Data records
lemma kraft_path_sum_Suc:
  "kraft_path_sum f g (Suc l) z z' =
    (\<Sum>x\<in>UNIV. 2 powr - real (length (f z x)) * kraft_path_sum f g l (g z x) z')"
proof -
  let ?weight = "\<lambda>xs. 2 powr - real (length (run_out f g z xs))"
  let ?paths = "\<lambda>x. {ys. length ys = l \<and> run_state g (g z x) ys = z'}"
  have paths_Suc: "{xs. length xs = Suc l \<and> run_state g z xs = z'}
      = (\<lambda>(x, ys). x # ys) ` (SIGMA x:UNIV. ?paths x)"
    by (auto simp: length_Suc_conv image_iff)
  have "inj_on (\<lambda>(x, ys). x # ys) (SIGMA x:UNIV. ?paths x)"
    by (auto simp: inj_on_def)
  then have "kraft_path_sum f g (Suc l) z z' = (\<Sum>(x, ys) \<in> (SIGMA x:UNIV. ?paths x). ?weight (x # ys))"
    unfolding kraft_path_sum_def paths_Suc by (simp add: sum.reindex case_prod_unfold)
  also have "\<dots> = (\<Sum>x\<in>UNIV. \<Sum>ys \<in> ?paths x. ?weight (x # ys))"
    by (rule sum.Sigma[symmetric])
      (auto intro: finite_subset[OF _ finite_lists_length_eq_UNIV])
  also have "\<dots> = (\<Sum>x\<in>UNIV. 2 powr - real (length (f z x)) * kraft_path_sum f g l (g z x) z')"
    unfolding kraft_path_sum_def sum_distrib_left
    by (intro sum.cong refl) (simp add: powr_add[symmetric] algebra_simps)
  finally show ?thesis .
qed

lemma kraft_mat_power_entry:
  assumes enc: "fs_encoder s f g" and "z < s" and "z' < s"
  shows "(kraft_mat s f g ^\<^sub>m l) $$ (z, z') = complex_of_real (kraft_path_sum f g l z z')"
  using \<open>z < s\<close>
proof (induction l arbitrary: z)
  case 0
  then show ?case
    using \<open>z' < s\<close> by (simp add: kraft_path_sum_0 kraft_mat_def)
next
  case (Suc l)
  let ?K = "kraft_mat s f g"
  let ?a = "\<lambda>x. 2 powr - real (length (f z x))"
  have K: "?K \<in> carrier_mat s s"
    by (simp add: kraft_mat_def)
  have g_less: "g z x \<in> {..<s}" for x
    using enc Suc.prems by (auto simp: fs_encoder_def)
  have "(?K ^\<^sub>m Suc l) $$ (z, z') = (\<Sum>w<s. ?K $$ (z, w) * (?K ^\<^sub>m l) $$ (w, z'))"
    unfolding pow_mat_Suc_left[OF K]
    using K Suc.prems \<open>z' < s\<close> by (simp add: scalar_prod_def lessThan_atLeast0)
  also have "\<dots> = complex_of_real (\<Sum>w<s. \<Sum>x \<in> {x. g z x = w}. ?a x * kraft_path_sum f g l w z')"
    using Suc.prems Suc.IH by (simp add: kraft_mat_def sum_distrib_right)
  also have "(\<Sum>w<s. \<Sum>x \<in> {x. g z x = w}. ?a x * kraft_path_sum f g l w z')
      = (\<Sum>x\<in>UNIV. ?a x * kraft_path_sum f g l (g z x) z')"
    using sum.group[of UNIV "{..<s}" "g z" "\<lambda>x. ?a x * kraft_path_sum f g l (g z x) z'"] g_less
    by auto
  finally show ?case
    by (simp add: kraft_path_sum_Suc)
qed

lemma kraft_path_sum_le:
  assumes enc: "fs_encoder s f g" and lossless: "info_lossless s f g" and "z < s"
    and M: "\<And>z x. z < s \<Longrightarrow> length (f z x) \<le> M"
  shows "kraft_path_sum f g l z z' \<le> real M * real l + 1"
proof -
  let ?paths = "{xs. length xs = l \<and> run_state g z xs = z'}"
  have "inj_on (run_out f g z) ?paths"
  proof (cases "l = 0")
    case False
    then have "inj_on (\<lambda>xs. (run_out f g z xs, run_state g z xs)) {xs. length xs = l}"
      using lossless \<open>z < s\<close> by (simp add: info_lossless_def)
    then show ?thesis
      by (auto simp: inj_on_def)
  qed (auto simp: inj_on_def)
  then have "kraft_path_sum f g l z z' = (\<Sum>w \<in> run_out f g z ` ?paths. 2 powr - real (length w))"
    unfolding kraft_path_sum_def by (simp add: sum.reindex)
  also have "\<dots> \<le> (\<Sum>w \<in> {w :: bool list. length w \<le> l * M}. 2 powr - real (length w))"
    using length_run_out_le[OF enc \<open>z < s\<close> M]
    by (intro sum_mono2 finite_lists_length_le_UNIV) auto
  also have "\<dots> = real M * real l + 1"
    by (simp add: sum_powr_length_bool_lists_le)
  finally show ?thesis .
qed

lemma kraft_mat_power_norm_bound:
  assumes enc: "fs_encoder s f g" and lossless: "info_lossless s f g"
    and M: "\<And>z x. z < s \<Longrightarrow> length (f z x) \<le> M"
  shows "norm_bound (kraft_mat s f g ^\<^sub>m l) (real M * real l + 1)"
proof (rule norm_boundI)
  fix z z'
  assume "z < dim_row (kraft_mat s f g ^\<^sub>m l)" "z' < dim_col (kraft_mat s f g ^\<^sub>m l)"
  then have "z < s" "z' < s"
    by (auto simp: kraft_mat_def split: if_splits)
  then show "norm ((kraft_mat s f g ^\<^sub>m l) $$ (z, z')) \<le> real M * real l + 1"
    using kraft_mat_power_entry[OF enc] kraft_path_sum_le[OF enc lossless _ M]
      kraft_path_sum_nonneg[of f g l z z']
    by simp
qed

theorem theorem1:
  fixes s :: nat and f :: "nat \<Rightarrow> 'x::finite \<Rightarrow> bool list" and g :: "nat \<Rightarrow> 'x \<Rightarrow> nat"
  assumes "fs_encoder s f g" and "info_lossless s f g"
  shows "spectral_radius (kraft_mat s f g) \<le> 1 \<and>
    (\<forall>l::nat. l \<ge> 1 \<longrightarrow>
       (\<forall>z<s. \<forall>z'<s. (kraft_mat s f g ^\<^sub>m l) $$ (z, z') =
          complex_of_real (\<Sum>xs\<in>{xs. length xs = l \<and> run_state g z xs = z'}.
              2 powr (- real (length (run_out f g z xs)))))
       \<and> spectral_radius (kraft_mat s f g ^\<^sub>m l) \<le> 1)"
proof -
  let ?K = "kraft_mat s f g"
  have K: "?K \<in> carrier_mat s s"
    by (simp add: kraft_mat_def)
  have "s > 0"
    using assms(1) by (simp add: fs_encoder_def)
  obtain M where M: "\<And>z x. z < s \<Longrightarrow> length (f z x) \<le> M"
    using output_length_bounded by blast
  note bound = kraft_mat_power_norm_bound[OF assms M]
  have "spectral_radius ?K \<le> 1"
    using spectral_radius_le_1_if_linear_bound[OF K \<open>s > 0\<close> bound] .
  moreover have "spectral_radius (?K ^\<^sub>m l) \<le> 1" for l
    using bound[of "l * _"]
    by (intro spectral_radius_le_1_if_linear_bound[OF pow_carrier_mat[OF K] \<open>s > 0\<close>,
          where a = "real M * real l" and b = 1])
      (simp add: pow_mat_pow_mat[OF K] mult.assoc)
  ultimately show ?thesis
    using kraft_mat_power_entry[OF assms(1)] unfolding kraft_path_sum_def by blast
qed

Task instructions:
Report all lines above with "auto".

Written response:
    by (auto simp: length_Suc_conv image_iff)
    by (auto simp: inj_on_def)
      (auto intro: finite_subset[OF _ finite_lists_length_eq_UNIV])
    using enc Suc.prems by (auto simp: fs_encoder_def)
    by auto
      by (auto simp: inj_on_def)
  qed (auto simp: inj_on_def)
    by (intro sum_mono2 finite_lists_length_le_UNIV) auto
    by (auto simp: kraft_mat_def split: if_splits)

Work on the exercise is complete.